Stored data

text \<open>Write H_\<pm>(z) = G_\<pm>((1 + z)/2), so that the glued function psi equals H_- on t < 0 and
  H_+ on t \<ge> 0; it is continuous, but its one-sided derivatives at 0 differ.

  S_N is an average of psi over the grid a' + h_\<nu> with the binomial weights of parameter
  (1 - a)/2. The moments of this average are coefficients of the generating function
  e^((y - \<epsilon>)t) (p e^(ct) + q e^(-ct))^N with c = (1 - \<epsilon>)/N, and a comparison of majorant series
  shows that the k-th moment is within 8 k! 5^k (1/N + \<epsilon>) of (y + a)^k. Summing against the
  Taylor series gives uniform convergence for every entire function. For |a| \<le> 1 the weights
  form a probability distribution, and the Bernstein argument with the second moment gives
  uniform convergence for every continuous function, in particular for psi. For 1 \<le> |a| the
  weights are signed; but when \<rho>0 = 1/30 the only grid points on the wrong side of 0 carry
  weights of size at most (31/45)^N, so psi can be replaced by the entire function H_+ (or H_-)
  at an exponentially small cost.\<close>

section \<open>Majorants of formal power series\<close>

definition fps_majorant :: "real fps \<Rightarrow> real fps \<Rightarrow> bool" where
  "fps_majorant f g \<longleftrightarrow> (\<forall>n. \<bar>f $ n\<bar> \<le> g $ n)"

lemma fps_majorant_mult:
  assumes "fps_majorant f F" "fps_majorant g G"
  shows "fps_majorant (f * g) (F * G)"
  unfolding fps_majorant_def
proof
  fix n
  have "\<bar>(f * g) $ n\<bar> \<le> (\<Sum>i=0..n. \<bar>f $ i * g $ (n - i)\<bar>)"
    unfolding fps_mult_nth by (rule sum_abs)
  also have "\<dots> \<le> (\<Sum>i=0..n. F $ i * G $ (n - i))"
    using assms unfolding fps_majorant_def abs_mult
    by (intro sum_mono mult_mono) (auto intro: order_trans[OF abs_ge_zero])
  finally show "\<bar>(f * g) $ n\<bar> \<le> (F * G) $ n"
    unfolding fps_mult_nth .
qed

lemma fps_majorant_one: "fps_majorant 1 1"
  unfolding fps_majorant_def by (simp add: fps_one_nth)

lemma fps_majorant_power: "fps_majorant f F \<Longrightarrow> fps_majorant (f ^ n) (F ^ n)"
  by (induction n) (auto simp: fps_majorant_one fps_majorant_mult)

lemma fps_majorant_sum:
  assumes "\<And>i. i \<in> S \<Longrightarrow> fps_majorant (f i) (F i)"
  shows "fps_majorant (sum f S) (sum F S)"
  unfolding fps_majorant_def fps_sum_nth
proof
  fix n
  have "\<bar>\<Sum>i\<in>S. f i $ n\<bar> \<le> (\<Sum>i\<in>S. \<bar>f i $ n\<bar>)"
    by (rule sum_abs)
  also have "\<dots> \<le> (\<Sum>i\<in>S. F i $ n)"
    using assms unfolding fps_majorant_def by (intro sum_mono) auto
  finally show "\<bar>\<Sum>i\<in>S. f i $ n\<bar> \<le> (\<Sum>i\<in>S. F i $ n)" .
qed

lemma fps_majorant_exp: "\<bar>t\<bar> \<le> T \<Longrightarrow> fps_majorant (fps_exp t) (fps_exp T)"
  unfolding fps_majorant_def
  by (auto simp: abs_divide power_abs intro!: divide_right_mono power_mono)

lemma fps_majorant_power_diff:
  assumes "fps_majorant f F" "fps_majorant g F" "fps_majorant (f - g) R"
  shows "fps_majorant (f ^ N - g ^ N) (R * (of_nat N * F ^ (N - 1)))"
proof -
  have "fps_majorant ((f - g) * (\<Sum>i<N. g ^ (N - Suc i) * f ^ i)) (R * (\<Sum>i<N. F ^ (N - Suc i) * F ^ i))"
    using assms by (intro fps_majorant_mult fps_majorant_sum fps_majorant_power) auto
  moreover have "(\<Sum>i<N. F ^ (N - Suc i) * F ^ i) = of_nat N * F ^ (N - 1)"
    by (simp flip: power_add)
  ultimately show ?thesis
    by (simp only: power_diff_sumr2)
qed

lemma fps_majorant_coeff_bound:
  assumes "fps_majorant h (fps_const C * (fps_X ^ 2 * fps_exp Y))" "0 \<le> C" "0 \<le> Y" "Y \<le> 5"
  shows "\<bar>h $ k\<bar> \<le> C * 5 ^ k"
proof -
  have "(if k < 2 then 0 else Y ^ (k - 2) / fact (k - 2)) \<le> (5::real) ^ k"
  proof (cases "k < 2")
    case False
    have "Y ^ (k - 2) / fact (k - 2) \<le> Y ^ (k - 2)"
      using assms(3) by (simp add: divide_le_eq fact_ge_1 mult_le_cancel_left1)
    also have "\<dots> \<le> 5 ^ k"
      using assms(3,4) power_increasing[of "k - 2" k "5::real"] power_mono[of Y 5 "k - 2"]
      by (meson diff_le_self one_le_numeral order_trans)
    finally show ?thesis
      using False by simp
  qed simp
  moreover have "\<bar>h $ k\<bar> \<le> C * (if k < 2 then 0 else Y ^ (k - 2) / fact (k - 2))"
    using spec[OF assms(1)[unfolded fps_majorant_def], of k]
    by (cases "k < 2") (simp_all add: fps_X_power_mult_nth)
  ultimately show ?thesis
    using assms(2) by (meson mult_left_mono order_trans)
qed

section \<open>Moments of the shifted binomial weights\<close>

lemma supershift_S_Bernstein:
  "supershift_S eps psi N a a' =
     (\<Sum>\<nu>\<le>N. complex_of_real (Bernstein N \<nu> ((1 - a) / 2)) * psi (a' + shift_h eps N \<nu>))"
proof -
  have "Bernstein N \<nu> ((1 - a) / 2) = real (N choose \<nu>) * ((1 + a) / 2) ^ (N - \<nu>) * ((1 - a) / 2) ^ \<nu>" for \<nu>
    unfolding Bernstein_def by (simp add: field_simps)
  then show ?thesis
    unfolding supershift_S_def atLeast0AtMost by presburger
qed

lemma shift_h_bounds:
  assumes "N \<ge> 1" "0 \<le> eps N" "eps N < 1" "\<nu> \<le> N"
  shows "\<bar>shift_h eps N \<nu>\<bar> \<le> 1"
proof -
  define s where "s = real \<nu> + eps N * (real N - real \<nu>)"
  have "eps N * (real N - real \<nu>) \<le> real N - real \<nu>"
    using assms(2-4) by (simp add: mult_left_le_one_le)
  then have "0 \<le> s / real N" "s / real N \<le> 1"
    using assms unfolding s_def by (auto simp: divide_le_eq)
  moreover have "shift_h eps N \<nu> = 1 - 2 * (s / real N)"
    unfolding shift_h_def s_def by simp
  ultimately show ?thesis
    by linarith
qed

lemma Bernstein_shift_exp_fps:
  fixes eps :: "nat \<Rightarrow> real"
  assumes N: "N \<ge> 1"
  defines "c \<equiv> (1 - eps N) / real N"
  shows "(\<Sum>\<nu>\<le>N. fps_const (Bernstein N \<nu> x) * fps_exp (y + shift_h eps N \<nu>))
       = fps_exp (y - eps N) * (fps_const (1 - x) * fps_exp c + fps_const x * fps_exp (-c)) ^ N"
proof -
  let ?E = "fps_exp :: real \<Rightarrow> real fps"
  have Bernstein_term: "fps_const (Bernstein N \<nu> x) * ?E (y + shift_h eps N \<nu>) =
     ?E (y - eps N) * (of_nat (N choose \<nu>) * (fps_const x * ?E (-c)) ^ \<nu> * (fps_const (1 - x) * ?E c) ^ (N - \<nu>))"
    if "\<nu> \<le> N" for \<nu>
  proof -
    have arg: "y + shift_h eps N \<nu> = (y - eps N) + (of_nat \<nu> * (-c) + of_nat (N - \<nu>) * c)"
      using that N unfolding c_def shift_h_def by (simp add: of_nat_diff field_simps)
    have "?E (y - eps N) * (of_nat (N choose \<nu>) * (fps_const x * ?E (-c)) ^ \<nu> * (fps_const (1 - x) * ?E c) ^ (N - \<nu>))
       = fps_const (Bernstein N \<nu> x) * (?E (y - eps N) * (?E (-c) ^ \<nu> * ?E c ^ (N - \<nu>)))"
      unfolding Bernstein_def
      by (simp add: power_mult_distrib fps_const_power fps_of_nat[symmetric] mult_ac)
    also have "\<dots> = fps_const (Bernstein N \<nu> x) * ?E (y + shift_h eps N \<nu>)"
      unfolding fps_exp_power_mult arg fps_exp_add_mult[symmetric] by (simp add: mult_ac)
    finally show ?thesis
      by simp
  qed
  have "(fps_const (1 - x) * ?E c + fps_const x * ?E (-c)) ^ N =
      (\<Sum>\<nu>\<le>N. of_nat (N choose \<nu>) * (fps_const x * ?E (-c)) ^ \<nu> * (fps_const (1 - x) * ?E c) ^ (N - \<nu>))"
    by (subst add.commute) (rule binomial_ring)
  then show ?thesis
    by (simp add: sum_distrib_left Bernstein_term)
qed

lemma Bernstein_shift_moment_fps:
  assumes "N \<ge> 1"
  shows "(\<Sum>\<nu>\<le>N. Bernstein N \<nu> x * (y + shift_h eps N \<nu>) ^ k)
      = fact k * (fps_exp (y - eps N) * (fps_const (1 - x) * fps_exp ((1 - eps N) / real N)
           + fps_const x * fps_exp (-((1 - eps N) / real N))) ^ N) $ k"
  unfolding Bernstein_shift_exp_fps[OF assms, symmetric] fps_sum_nth
  by (simp add: sum_distrib_left)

= AIM OF THE EXERCISE =
Among the lines of the records, copy out each one that contains the word "grid".

= EXERCISE ANSWER =
  S_N is an average of psi over the grid a' + h_\<nu> with the binomial weights of parameter
  weights are signed; but when \<rho>0 = 1/30 the only grid points on the wrong side of 0 carry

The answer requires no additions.